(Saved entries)
·····

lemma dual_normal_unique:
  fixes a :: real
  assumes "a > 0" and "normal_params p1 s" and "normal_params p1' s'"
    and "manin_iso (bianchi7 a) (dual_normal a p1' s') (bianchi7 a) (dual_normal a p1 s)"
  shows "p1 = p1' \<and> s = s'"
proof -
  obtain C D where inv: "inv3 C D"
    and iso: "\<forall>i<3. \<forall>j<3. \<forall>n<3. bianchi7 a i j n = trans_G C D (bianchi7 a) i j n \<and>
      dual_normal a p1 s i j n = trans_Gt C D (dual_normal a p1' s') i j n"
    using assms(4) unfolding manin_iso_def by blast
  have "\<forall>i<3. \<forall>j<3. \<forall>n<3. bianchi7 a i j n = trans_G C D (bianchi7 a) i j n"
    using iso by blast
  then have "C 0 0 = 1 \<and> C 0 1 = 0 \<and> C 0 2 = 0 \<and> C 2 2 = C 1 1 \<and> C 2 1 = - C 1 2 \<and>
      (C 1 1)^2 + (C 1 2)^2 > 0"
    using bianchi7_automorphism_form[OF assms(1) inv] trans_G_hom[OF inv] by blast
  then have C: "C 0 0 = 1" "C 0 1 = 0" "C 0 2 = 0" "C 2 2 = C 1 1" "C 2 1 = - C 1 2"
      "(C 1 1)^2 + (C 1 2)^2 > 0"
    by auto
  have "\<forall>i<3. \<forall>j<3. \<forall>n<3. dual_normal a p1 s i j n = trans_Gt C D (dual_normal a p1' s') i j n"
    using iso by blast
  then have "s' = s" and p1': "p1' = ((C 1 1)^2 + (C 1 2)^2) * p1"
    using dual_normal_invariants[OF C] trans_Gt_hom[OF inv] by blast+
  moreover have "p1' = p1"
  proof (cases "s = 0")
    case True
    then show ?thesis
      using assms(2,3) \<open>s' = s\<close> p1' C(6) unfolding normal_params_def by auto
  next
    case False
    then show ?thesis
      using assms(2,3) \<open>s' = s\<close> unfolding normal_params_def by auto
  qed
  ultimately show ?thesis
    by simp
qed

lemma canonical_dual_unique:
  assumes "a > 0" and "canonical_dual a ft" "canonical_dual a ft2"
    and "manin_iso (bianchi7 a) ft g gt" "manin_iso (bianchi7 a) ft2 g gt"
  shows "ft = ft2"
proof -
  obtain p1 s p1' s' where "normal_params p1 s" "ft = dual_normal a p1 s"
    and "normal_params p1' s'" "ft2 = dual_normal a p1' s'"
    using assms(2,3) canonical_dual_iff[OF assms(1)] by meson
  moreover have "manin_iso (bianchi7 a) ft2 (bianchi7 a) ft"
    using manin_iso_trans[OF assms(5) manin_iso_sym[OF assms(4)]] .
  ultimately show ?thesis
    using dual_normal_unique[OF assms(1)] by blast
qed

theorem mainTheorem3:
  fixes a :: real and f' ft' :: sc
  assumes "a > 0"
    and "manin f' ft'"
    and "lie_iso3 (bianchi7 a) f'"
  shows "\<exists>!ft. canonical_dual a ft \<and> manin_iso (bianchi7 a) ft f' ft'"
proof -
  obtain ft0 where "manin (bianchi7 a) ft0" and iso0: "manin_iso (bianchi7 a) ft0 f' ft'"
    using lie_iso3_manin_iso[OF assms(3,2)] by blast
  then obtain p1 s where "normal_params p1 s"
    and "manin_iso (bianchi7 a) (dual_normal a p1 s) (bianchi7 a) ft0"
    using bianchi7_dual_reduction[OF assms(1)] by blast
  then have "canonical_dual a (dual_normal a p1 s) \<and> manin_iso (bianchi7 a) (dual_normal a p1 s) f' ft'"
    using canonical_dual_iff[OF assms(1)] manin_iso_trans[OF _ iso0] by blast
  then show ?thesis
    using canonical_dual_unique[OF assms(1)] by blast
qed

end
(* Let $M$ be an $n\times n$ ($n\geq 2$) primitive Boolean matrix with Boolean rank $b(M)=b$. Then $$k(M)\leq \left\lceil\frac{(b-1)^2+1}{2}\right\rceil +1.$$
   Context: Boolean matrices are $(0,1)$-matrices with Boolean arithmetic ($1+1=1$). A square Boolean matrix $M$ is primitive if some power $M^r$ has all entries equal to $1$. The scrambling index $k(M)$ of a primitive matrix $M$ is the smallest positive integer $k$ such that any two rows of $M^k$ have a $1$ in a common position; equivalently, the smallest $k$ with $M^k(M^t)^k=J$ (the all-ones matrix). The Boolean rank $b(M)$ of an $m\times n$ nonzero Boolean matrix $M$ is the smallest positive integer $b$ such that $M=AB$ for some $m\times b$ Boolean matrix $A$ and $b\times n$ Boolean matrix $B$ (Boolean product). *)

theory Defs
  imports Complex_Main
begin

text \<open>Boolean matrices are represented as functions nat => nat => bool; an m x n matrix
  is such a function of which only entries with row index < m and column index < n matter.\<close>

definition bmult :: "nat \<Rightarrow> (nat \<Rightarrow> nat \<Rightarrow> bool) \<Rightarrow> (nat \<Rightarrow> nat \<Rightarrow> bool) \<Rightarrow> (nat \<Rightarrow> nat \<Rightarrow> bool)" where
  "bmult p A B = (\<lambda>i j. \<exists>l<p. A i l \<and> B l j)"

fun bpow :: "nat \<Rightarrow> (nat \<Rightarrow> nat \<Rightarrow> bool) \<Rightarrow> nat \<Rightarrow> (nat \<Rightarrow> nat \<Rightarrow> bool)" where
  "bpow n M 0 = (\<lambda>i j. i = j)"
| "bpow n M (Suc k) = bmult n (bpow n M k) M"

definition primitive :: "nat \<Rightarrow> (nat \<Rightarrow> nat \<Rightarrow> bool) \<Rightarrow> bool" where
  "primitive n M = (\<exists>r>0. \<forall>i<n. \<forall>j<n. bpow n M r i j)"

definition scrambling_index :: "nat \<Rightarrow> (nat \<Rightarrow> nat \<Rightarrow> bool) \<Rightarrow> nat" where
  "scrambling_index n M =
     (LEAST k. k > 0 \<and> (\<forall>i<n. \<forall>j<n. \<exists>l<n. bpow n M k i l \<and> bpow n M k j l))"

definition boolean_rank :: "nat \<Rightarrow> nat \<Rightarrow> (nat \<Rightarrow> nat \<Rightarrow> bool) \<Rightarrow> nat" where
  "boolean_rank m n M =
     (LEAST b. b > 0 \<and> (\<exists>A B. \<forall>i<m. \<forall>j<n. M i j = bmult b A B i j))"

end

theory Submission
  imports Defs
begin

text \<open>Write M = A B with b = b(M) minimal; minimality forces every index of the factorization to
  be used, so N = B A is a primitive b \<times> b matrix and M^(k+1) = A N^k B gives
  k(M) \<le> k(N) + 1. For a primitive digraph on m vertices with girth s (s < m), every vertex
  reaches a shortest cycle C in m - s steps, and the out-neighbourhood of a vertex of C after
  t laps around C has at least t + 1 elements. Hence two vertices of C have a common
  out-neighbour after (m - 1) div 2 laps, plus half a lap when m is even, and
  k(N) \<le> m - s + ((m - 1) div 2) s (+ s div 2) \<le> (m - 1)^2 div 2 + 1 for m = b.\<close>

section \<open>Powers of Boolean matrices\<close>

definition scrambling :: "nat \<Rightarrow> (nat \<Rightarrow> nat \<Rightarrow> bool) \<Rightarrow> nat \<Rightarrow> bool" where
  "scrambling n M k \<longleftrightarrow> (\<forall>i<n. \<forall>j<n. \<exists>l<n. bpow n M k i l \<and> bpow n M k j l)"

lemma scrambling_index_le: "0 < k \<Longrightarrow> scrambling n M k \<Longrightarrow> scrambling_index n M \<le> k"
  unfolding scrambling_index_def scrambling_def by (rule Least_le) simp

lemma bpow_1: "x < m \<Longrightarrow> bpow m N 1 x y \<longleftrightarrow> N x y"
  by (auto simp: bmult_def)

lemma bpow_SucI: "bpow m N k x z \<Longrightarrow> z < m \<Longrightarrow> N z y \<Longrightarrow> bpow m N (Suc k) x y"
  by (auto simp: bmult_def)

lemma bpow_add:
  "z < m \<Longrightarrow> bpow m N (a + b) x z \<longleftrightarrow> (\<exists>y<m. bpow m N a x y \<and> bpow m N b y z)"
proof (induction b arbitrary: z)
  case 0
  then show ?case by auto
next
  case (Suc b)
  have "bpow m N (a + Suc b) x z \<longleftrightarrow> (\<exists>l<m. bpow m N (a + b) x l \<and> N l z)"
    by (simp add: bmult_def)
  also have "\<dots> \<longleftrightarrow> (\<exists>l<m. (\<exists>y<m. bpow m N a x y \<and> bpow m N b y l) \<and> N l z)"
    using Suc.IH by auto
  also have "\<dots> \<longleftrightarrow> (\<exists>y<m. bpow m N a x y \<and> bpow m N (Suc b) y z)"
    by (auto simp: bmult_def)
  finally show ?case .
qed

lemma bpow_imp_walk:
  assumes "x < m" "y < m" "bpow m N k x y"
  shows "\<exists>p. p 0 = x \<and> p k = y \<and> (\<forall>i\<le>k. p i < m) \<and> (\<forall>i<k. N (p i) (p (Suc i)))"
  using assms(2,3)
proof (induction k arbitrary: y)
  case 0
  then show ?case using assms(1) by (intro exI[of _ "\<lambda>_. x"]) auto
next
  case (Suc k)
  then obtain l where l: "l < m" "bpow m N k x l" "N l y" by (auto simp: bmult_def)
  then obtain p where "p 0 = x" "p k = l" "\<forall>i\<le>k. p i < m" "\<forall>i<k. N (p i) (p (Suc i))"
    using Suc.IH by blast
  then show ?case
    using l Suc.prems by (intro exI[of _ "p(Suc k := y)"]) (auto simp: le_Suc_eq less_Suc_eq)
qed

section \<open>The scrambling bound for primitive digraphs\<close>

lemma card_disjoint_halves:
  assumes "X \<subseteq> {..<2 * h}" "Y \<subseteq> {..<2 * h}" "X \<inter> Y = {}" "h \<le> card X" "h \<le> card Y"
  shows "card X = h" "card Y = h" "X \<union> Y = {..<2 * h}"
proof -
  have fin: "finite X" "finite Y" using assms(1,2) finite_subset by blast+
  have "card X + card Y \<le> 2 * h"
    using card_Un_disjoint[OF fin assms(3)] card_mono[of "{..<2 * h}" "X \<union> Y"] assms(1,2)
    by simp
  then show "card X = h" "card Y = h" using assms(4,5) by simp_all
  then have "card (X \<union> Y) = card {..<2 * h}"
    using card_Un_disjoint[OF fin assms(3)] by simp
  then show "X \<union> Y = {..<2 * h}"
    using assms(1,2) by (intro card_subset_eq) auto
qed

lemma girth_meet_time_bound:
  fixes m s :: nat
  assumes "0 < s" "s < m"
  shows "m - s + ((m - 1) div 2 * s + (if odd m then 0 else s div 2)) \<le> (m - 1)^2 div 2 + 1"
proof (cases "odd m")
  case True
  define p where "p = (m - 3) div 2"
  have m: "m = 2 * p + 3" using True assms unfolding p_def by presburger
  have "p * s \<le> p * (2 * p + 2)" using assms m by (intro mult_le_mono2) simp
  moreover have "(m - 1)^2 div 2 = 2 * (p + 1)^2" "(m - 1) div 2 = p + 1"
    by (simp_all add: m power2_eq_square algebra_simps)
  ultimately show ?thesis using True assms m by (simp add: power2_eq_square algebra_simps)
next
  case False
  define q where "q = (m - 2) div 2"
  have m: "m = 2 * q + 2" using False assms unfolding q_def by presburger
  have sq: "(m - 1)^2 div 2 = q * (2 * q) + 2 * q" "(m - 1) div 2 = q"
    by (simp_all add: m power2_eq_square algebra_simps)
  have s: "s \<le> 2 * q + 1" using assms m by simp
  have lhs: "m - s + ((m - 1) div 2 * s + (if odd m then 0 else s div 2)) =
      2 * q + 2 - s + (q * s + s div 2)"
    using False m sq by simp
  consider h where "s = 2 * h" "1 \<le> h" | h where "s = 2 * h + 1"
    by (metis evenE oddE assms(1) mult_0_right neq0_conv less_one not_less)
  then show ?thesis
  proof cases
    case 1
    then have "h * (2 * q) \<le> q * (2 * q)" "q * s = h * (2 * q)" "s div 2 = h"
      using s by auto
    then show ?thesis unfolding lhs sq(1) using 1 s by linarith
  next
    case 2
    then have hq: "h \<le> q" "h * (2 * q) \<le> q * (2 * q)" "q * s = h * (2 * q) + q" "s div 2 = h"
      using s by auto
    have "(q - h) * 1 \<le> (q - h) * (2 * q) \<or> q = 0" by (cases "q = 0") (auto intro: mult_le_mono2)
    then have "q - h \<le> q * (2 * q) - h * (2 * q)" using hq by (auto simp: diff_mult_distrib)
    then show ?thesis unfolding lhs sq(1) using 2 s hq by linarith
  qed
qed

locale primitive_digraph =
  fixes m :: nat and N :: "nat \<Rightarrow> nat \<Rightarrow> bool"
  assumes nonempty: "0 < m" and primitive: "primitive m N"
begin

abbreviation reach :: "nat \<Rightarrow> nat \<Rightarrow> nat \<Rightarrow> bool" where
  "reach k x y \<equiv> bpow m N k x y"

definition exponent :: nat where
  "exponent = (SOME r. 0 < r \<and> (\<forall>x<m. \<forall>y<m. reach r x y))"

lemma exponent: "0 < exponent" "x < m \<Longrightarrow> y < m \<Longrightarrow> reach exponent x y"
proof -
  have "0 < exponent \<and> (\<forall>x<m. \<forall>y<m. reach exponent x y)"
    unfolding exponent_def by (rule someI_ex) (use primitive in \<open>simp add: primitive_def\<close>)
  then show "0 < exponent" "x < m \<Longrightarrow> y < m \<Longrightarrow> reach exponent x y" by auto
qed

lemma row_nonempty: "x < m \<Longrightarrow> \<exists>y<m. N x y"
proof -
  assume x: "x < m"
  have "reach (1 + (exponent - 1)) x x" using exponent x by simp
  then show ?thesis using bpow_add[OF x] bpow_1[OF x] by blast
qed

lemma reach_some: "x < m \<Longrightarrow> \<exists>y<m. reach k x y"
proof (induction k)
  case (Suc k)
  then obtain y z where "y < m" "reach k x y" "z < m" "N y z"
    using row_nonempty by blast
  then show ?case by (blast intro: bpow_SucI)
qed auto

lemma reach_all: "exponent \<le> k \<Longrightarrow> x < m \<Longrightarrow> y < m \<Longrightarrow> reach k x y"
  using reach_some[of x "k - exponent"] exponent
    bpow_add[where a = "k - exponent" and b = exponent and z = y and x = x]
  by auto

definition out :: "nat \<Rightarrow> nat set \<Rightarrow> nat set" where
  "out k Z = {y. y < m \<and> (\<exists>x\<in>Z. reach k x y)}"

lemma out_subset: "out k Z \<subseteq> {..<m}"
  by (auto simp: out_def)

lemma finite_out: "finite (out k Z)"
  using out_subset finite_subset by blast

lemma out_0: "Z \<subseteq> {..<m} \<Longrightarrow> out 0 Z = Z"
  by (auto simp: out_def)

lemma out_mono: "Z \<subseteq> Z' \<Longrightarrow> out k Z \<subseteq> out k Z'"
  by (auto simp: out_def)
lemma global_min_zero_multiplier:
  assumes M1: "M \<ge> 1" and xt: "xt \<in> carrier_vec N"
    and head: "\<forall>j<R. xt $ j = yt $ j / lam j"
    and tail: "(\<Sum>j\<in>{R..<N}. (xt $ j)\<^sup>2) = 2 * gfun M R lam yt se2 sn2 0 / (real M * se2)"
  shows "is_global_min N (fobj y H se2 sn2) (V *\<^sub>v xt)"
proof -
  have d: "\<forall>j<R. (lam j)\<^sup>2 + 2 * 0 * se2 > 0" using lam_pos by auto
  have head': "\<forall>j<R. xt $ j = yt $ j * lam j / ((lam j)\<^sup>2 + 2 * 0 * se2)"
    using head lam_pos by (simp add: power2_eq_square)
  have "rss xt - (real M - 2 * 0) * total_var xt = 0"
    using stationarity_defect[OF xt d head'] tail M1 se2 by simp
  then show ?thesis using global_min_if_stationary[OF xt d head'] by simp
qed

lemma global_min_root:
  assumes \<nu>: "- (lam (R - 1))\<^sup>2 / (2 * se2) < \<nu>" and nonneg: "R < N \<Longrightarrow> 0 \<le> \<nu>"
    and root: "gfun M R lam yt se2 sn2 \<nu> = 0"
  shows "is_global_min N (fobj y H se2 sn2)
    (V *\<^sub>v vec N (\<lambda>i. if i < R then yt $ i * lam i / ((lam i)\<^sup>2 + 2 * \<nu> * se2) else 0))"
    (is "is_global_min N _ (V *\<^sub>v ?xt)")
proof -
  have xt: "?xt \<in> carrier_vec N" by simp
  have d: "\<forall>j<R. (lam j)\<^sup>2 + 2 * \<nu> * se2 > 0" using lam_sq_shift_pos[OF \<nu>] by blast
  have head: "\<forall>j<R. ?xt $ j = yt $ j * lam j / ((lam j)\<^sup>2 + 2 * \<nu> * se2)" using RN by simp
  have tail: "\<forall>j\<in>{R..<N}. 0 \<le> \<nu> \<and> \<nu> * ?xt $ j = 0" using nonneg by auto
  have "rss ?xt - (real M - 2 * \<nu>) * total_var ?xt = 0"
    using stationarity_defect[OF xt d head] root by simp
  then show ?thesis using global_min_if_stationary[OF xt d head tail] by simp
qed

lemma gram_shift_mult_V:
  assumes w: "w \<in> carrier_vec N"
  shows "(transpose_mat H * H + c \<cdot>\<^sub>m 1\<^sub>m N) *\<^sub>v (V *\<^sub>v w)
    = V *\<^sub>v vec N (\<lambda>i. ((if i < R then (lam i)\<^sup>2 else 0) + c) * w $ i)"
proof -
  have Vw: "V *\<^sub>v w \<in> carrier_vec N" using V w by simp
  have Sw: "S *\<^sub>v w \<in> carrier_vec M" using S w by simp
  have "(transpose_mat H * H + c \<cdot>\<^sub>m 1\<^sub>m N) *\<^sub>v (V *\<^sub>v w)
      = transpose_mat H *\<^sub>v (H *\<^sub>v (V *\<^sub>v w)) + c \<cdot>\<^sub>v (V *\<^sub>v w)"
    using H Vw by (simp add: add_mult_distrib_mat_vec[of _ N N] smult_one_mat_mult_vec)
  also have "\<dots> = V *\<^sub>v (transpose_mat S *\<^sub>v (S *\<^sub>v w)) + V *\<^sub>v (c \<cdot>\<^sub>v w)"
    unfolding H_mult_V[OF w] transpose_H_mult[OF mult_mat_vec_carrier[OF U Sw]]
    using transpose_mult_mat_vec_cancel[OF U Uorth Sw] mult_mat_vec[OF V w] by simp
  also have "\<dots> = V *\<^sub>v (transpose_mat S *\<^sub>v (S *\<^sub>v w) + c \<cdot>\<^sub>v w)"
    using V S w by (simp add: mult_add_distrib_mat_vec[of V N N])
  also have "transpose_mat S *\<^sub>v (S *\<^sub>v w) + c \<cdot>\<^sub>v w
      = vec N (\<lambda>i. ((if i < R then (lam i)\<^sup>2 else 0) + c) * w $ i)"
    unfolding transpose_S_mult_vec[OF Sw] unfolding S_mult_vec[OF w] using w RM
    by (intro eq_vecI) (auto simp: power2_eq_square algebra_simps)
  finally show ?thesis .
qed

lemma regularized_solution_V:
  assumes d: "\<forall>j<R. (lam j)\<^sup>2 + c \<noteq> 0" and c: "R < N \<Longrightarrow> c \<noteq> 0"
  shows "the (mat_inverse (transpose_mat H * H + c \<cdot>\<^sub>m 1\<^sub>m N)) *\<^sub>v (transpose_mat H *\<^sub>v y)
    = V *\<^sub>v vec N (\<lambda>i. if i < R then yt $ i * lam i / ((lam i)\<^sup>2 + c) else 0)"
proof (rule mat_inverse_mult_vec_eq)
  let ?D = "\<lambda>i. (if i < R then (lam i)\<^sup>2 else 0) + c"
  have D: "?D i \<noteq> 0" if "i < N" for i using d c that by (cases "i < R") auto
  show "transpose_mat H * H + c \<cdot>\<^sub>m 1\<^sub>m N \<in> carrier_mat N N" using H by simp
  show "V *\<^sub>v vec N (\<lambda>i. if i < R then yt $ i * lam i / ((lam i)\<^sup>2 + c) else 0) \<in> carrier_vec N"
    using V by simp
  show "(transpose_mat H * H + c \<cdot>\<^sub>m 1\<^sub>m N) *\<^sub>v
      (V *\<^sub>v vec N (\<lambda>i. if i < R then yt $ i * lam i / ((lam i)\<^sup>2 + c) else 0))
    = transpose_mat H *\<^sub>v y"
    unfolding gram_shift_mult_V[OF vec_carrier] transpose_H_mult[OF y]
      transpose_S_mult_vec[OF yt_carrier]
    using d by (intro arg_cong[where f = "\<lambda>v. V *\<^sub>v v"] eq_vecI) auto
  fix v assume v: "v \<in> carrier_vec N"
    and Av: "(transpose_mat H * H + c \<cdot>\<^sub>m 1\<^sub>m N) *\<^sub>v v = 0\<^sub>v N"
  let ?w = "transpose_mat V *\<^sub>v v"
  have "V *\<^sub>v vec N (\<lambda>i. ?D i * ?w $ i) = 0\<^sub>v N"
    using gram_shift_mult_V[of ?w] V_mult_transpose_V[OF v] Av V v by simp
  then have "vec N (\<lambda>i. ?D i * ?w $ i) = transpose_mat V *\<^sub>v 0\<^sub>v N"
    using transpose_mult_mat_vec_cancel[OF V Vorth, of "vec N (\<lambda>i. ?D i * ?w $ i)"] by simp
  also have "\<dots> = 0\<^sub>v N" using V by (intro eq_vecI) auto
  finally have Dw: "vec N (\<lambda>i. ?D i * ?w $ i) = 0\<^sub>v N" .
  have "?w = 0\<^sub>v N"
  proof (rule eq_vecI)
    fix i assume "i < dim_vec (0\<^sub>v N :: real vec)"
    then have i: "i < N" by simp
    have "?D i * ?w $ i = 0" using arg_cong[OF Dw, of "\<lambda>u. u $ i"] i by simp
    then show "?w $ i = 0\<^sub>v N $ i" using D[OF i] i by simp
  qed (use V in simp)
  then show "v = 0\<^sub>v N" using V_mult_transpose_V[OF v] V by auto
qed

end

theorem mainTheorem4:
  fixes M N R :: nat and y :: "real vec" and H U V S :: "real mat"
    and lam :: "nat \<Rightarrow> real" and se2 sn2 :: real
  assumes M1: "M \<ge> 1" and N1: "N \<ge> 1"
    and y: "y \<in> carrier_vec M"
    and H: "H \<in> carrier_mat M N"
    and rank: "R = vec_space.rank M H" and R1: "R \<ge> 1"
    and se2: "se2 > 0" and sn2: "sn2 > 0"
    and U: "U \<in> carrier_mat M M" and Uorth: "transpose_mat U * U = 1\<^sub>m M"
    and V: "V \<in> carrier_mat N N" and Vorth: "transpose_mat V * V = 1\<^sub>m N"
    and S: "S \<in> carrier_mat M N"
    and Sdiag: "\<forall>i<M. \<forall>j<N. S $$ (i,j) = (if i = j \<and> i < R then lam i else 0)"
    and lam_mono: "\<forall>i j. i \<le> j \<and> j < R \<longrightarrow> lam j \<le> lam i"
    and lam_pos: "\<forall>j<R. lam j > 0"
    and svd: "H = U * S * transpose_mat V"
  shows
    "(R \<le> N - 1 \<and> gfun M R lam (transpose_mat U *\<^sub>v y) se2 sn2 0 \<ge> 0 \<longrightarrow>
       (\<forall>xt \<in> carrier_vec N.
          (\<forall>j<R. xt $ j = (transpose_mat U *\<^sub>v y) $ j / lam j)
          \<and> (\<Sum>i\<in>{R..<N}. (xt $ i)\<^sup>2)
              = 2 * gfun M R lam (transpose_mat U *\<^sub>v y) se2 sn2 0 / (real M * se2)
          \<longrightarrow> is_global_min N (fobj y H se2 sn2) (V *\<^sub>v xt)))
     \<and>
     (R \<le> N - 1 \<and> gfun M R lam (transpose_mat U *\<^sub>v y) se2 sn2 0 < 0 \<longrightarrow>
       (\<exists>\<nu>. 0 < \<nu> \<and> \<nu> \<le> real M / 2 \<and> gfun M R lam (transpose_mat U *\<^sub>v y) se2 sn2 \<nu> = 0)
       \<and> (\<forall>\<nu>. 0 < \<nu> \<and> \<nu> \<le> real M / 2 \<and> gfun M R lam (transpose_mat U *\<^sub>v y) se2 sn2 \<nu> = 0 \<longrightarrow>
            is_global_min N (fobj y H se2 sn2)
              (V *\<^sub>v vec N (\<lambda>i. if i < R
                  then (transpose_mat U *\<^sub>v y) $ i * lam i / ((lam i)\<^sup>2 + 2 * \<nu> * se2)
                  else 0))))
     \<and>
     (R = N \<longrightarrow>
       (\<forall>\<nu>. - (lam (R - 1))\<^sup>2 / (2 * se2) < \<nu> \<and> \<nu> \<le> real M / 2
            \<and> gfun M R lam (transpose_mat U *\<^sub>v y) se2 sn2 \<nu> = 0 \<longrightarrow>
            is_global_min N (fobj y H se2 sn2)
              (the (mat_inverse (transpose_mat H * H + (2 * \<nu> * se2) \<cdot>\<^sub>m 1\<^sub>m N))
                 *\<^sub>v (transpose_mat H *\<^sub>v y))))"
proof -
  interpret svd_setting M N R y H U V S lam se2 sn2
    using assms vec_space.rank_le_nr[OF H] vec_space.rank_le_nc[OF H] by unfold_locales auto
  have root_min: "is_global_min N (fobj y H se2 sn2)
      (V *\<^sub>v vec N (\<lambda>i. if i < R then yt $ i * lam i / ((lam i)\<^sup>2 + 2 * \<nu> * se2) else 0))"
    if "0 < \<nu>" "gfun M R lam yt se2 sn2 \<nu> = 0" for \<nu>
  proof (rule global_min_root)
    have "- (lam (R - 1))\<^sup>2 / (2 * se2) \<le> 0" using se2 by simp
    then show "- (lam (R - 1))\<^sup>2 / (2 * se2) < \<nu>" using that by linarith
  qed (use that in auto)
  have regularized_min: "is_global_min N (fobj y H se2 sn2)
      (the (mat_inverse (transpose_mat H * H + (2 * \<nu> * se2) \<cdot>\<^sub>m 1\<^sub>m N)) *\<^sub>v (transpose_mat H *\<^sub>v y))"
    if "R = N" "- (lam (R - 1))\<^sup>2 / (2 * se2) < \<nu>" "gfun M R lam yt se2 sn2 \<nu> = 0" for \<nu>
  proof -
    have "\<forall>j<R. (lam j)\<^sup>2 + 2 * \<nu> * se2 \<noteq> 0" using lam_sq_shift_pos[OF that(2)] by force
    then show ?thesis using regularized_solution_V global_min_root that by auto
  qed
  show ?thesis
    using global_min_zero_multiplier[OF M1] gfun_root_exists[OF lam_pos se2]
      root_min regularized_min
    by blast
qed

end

·····

### Task brief
A single number is the expected answer: how many lines of the records above contain the word "every".

### Answer to this exercise
2